BAC, NINH VIETNAM – One of Vietnam’s last surviving veterans of the battle of Dien Bien Phu recounts with pride the day in May 1954 when, at just 19 years old, he captured the commander of the French colonial forces.
Hoang Dang Vinh’s display of military prowess earned him the supreme honor of meeting revolutionary leader Ho Chi Minh — “Uncle Ho” — the future founding president of modern Vietnam.
Sixty years ago, after two months of hard fighting in the Dien Bien Phu valley, Vietnamese troops unexpectedly but conclusively defeated the country’s colonial master, France.
“The sky was filled with tall columns of black smoke from burning vehicles. The fields were covered with dead soldiers and destroyed military equipment,” said Vinh, now a 79-year-old retired colonel.
After machine-gun fire and grenade attacks, Vinh and other Viet Minh communist independence fighters approached the fortified French camp and eventually entered the bunker of Cmdr. Christian-Marie de la Croix de Castries.
Exactly what happened next has not been recorded in the annals of history, and Castries is no longer alive to tell his story, but historians confirm the general outline of Vinh’s account, even if some details are uncertain.
Castries, then 51, who was promoted to the rank of general during the battle, insisted the day after his liberation in September 1954 that the white flag of surrender was not raised on his command.
But Vinh’s memories paint a different picture.
“We called to the people inside to surrender but nobody came out. A few minutes later, some French soldier waved a white cloth parachute,” he said.
Vinh and a few other soldiers, including the leader of his company, Ta Quoc Luaat, entered the bunker and the French officers inside “stood up and put their hands in the air — but only Castries remained motionless.”
“I was ready to shoot him,” said Vinh, who came from a poor peasant family and joined up as a private at 17.
But instead he shouted “hands up” — the only words of French he knew.
Castries “stepped back, put his hands in the air and said words that Luaat translated for me later: ‘Don’t shoot — I surrender,’ ” Vinh said.

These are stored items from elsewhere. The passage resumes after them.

lemma L1_basis_vec: "L1 r mu (basis_vec c j) = basis_vec (of_real mu * of_real (sqrt (omega r j)) * c) (j - 1)"
  unfolding L1_def annB_def basis_vec_def by (cases j) auto

lemma L2_basis_vec:
  "L2 r lam (basis_vec c j) = basis_vec (of_real lam * of_real (sqrt (omega r (Suc j))) * c) (Suc j)"
  unfolding L2_def creB_def basis_vec_def by (auto split: nat.splits)

lemma L1_Pt:
  "L1 r mu (Pt r lam mu zp zm t u) n
    = of_real (mu * sqrt (omega r (Suc n))) * exp (of_real t * gdiag r lam mu zp zm (Suc n)) * u (Suc n)"
  unfolding L1_def annB_def Pt_def by (simp add: mult_ac)

lemma L2_Pt_Suc:
  "L2 r lam (Pt r lam mu zp zm t u) (Suc n)
    = of_real (lam * sqrt (omega r (Suc n))) * exp (of_real t * gdiag r lam mu zp zm n) * u n"
  unfolding L2_def creB_def Pt_def by (simp add: mult_ac)

lemma L2_0: "L2 r lam u 0 = 0"
  unfolding L2_def creB_def by simp

definition decay_rate :: "real \<Rightarrow> real \<Rightarrow> real \<Rightarrow> nat \<Rightarrow> real" where
  "decay_rate r lam mu n = lam^2 * omega r (Suc n) + mu^2 * omega r n"

lemma decay_rate_nonneg: "0 \<le> r \<Longrightarrow> 0 \<le> decay_rate r lam mu n"
  unfolding decay_rate_def by (intro add_nonneg_nonneg mult_nonneg_nonneg omega_nonneg) auto

lemma decay_rate_le: "0 \<le> r \<Longrightarrow> decay_rate r lam mu n \<le> (lam^2 + mu^2) * (1 + r) * (real (Suc n))^2"
proof -
  assume r: "0 \<le> r"
  have "omega r m \<le> (1 + r) * (real (Suc n))^2" if "m \<le> Suc n" for m
  proof -
    have "(real m)^2 \<le> (real (Suc n))^2" using that by (intro power_mono) auto
    with omega_le_square[OF r, of m] r show ?thesis by (smt (verit) mult_left_mono)
  qed
  then have "lam^2 * omega r (Suc n) + mu^2 * omega r n
      \<le> lam^2 * ((1 + r) * (real (Suc n))^2) + mu^2 * ((1 + r) * (real (Suc n))^2)"
    by (intro add_mono mult_left_mono) auto
  then show ?thesis unfolding decay_rate_def by (simp add: algebra_simps)
qed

Vinh was speaking at his house in northern Bac Ninh near Hanoi, where the walls are covered in war photos and medals he won during his 39 years of service.

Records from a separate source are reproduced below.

lemma lincomb_mem: "is_submodule W \<Longrightarrow> set gs \<subseteq> W \<Longrightarrow> lincomb as gs \<in> W"
proof (induction gs arbitrary: as)
  case Nil then show ?case by (simp add: submodule_zero)
next
  case (Cons g gs) then show ?case
    by (cases as) (simp_all add: lincomb_def submodule_zero submodule_add submodule_smul)
qed

lemma lincomb_map_map: "lincomb (map f l) (map g l) = sum_list (map (\<lambda>t. smul (f t) (g t)) l)"
  by (induction l) simp_all

lemma submodule_span_modulo:
  assumes K: "is_submodule K"
  shows "is_submodule (span_modulo K gs)"
  unfolding is_submodule_def
proof (intro conjI ballI allI)
  show "0 \<in> span_modulo K gs" unfolding span_modulo_def
    using submodule_zero[OF K] by (intro CollectI exI[of _ "replicate (length gs) 0"]) (simp add: lincomb_replicate_0)
next
  fix x y assume "x \<in> span_modulo K gs" "y \<in> span_modulo K gs"
  then obtain as bs where a: "length as = length gs" "x - lincomb as gs \<in> K"
    and b: "length bs = length gs" "y - lincomb bs gs \<in> K" unfolding span_modulo_def by blast
  have eq: "(x + y) - lincomb (map2 (+) as bs) gs = (x - lincomb as gs) + (y - lincomb bs gs)"
    using lincomb_add[OF a(1) b(1)] by (simp add: algebra_simps)
  have "(x + y) - lincomb (map2 (+) as bs) gs \<in> K" unfolding eq by (rule submodule_add[OF K a(2) b(2)])
  then show "x + y \<in> span_modulo K gs" unfolding span_modulo_def
    using a(1) b(1) by (intro CollectI exI[of _ "map2 (+) as bs"]) simp
next
  fix r x assume "x \<in> span_modulo K gs"
  then obtain as where a: "length as = length gs" "x - lincomb as gs \<in> K"
    unfolding span_modulo_def by blast
  have "smul r x - lincomb (map ((*) r) as) gs = smul r (x - lincomb as gs)"
    by (simp add: smul_diff lincomb_smul)
  then have "smul r x - lincomb (map ((*) r) as) gs \<in> K" using submodule_smul[OF K a(2)] by simp
  then show "smul r x \<in> span_modulo K gs" unfolding span_modulo_def
    using a(1) by (intro CollectI exI[of _ "map ((*) r) as"]) simp
qed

Legendary Vietnamese Gen. Vo Nguyen Giap could not believe the news when it was first relayed by radio, he recalled.
“Is it true that you have captured Gen. de Castries?” the master military strategist, who died late last year at 102, kept asking, before he finally expressed his joy and praise.
Several days later, Vinh met Ho Chi Minh, founder of the Vietnamese Communist Party.
Along with the glory, the horrors of one of the most terrible battles in the Indochina war are still etched in his memory.
“The fighting was extremely bloody,” he said, his voice trembling as he described bodies littering the battlefield, their arms and legs torn off.
Some 3,000 French soldiers and at least 10,000 Vietnamese died at Dien Bien Phu, which marked the end of French dominance in Indochina.
Vinh, like many of his comrades, never received much training: a month of practice using firearms and explosives and he was then set for life in the trenches — which were a crucial part of the Viet Minh army’s strategy.
Five of the Viet Minh’s seven divisions were concentrated around Dien Bien Phu — and spent most of their time in the dank, uncomfortable trenches.
“I weighed only around 40 kilos. Life was very difficult,” he said, adding that he still remembered the “hatred” he felt for the French at the time.
Vietnamese forces laid siege to the French positions for weeks and on May 7, French soldiers laid down their arms en masse.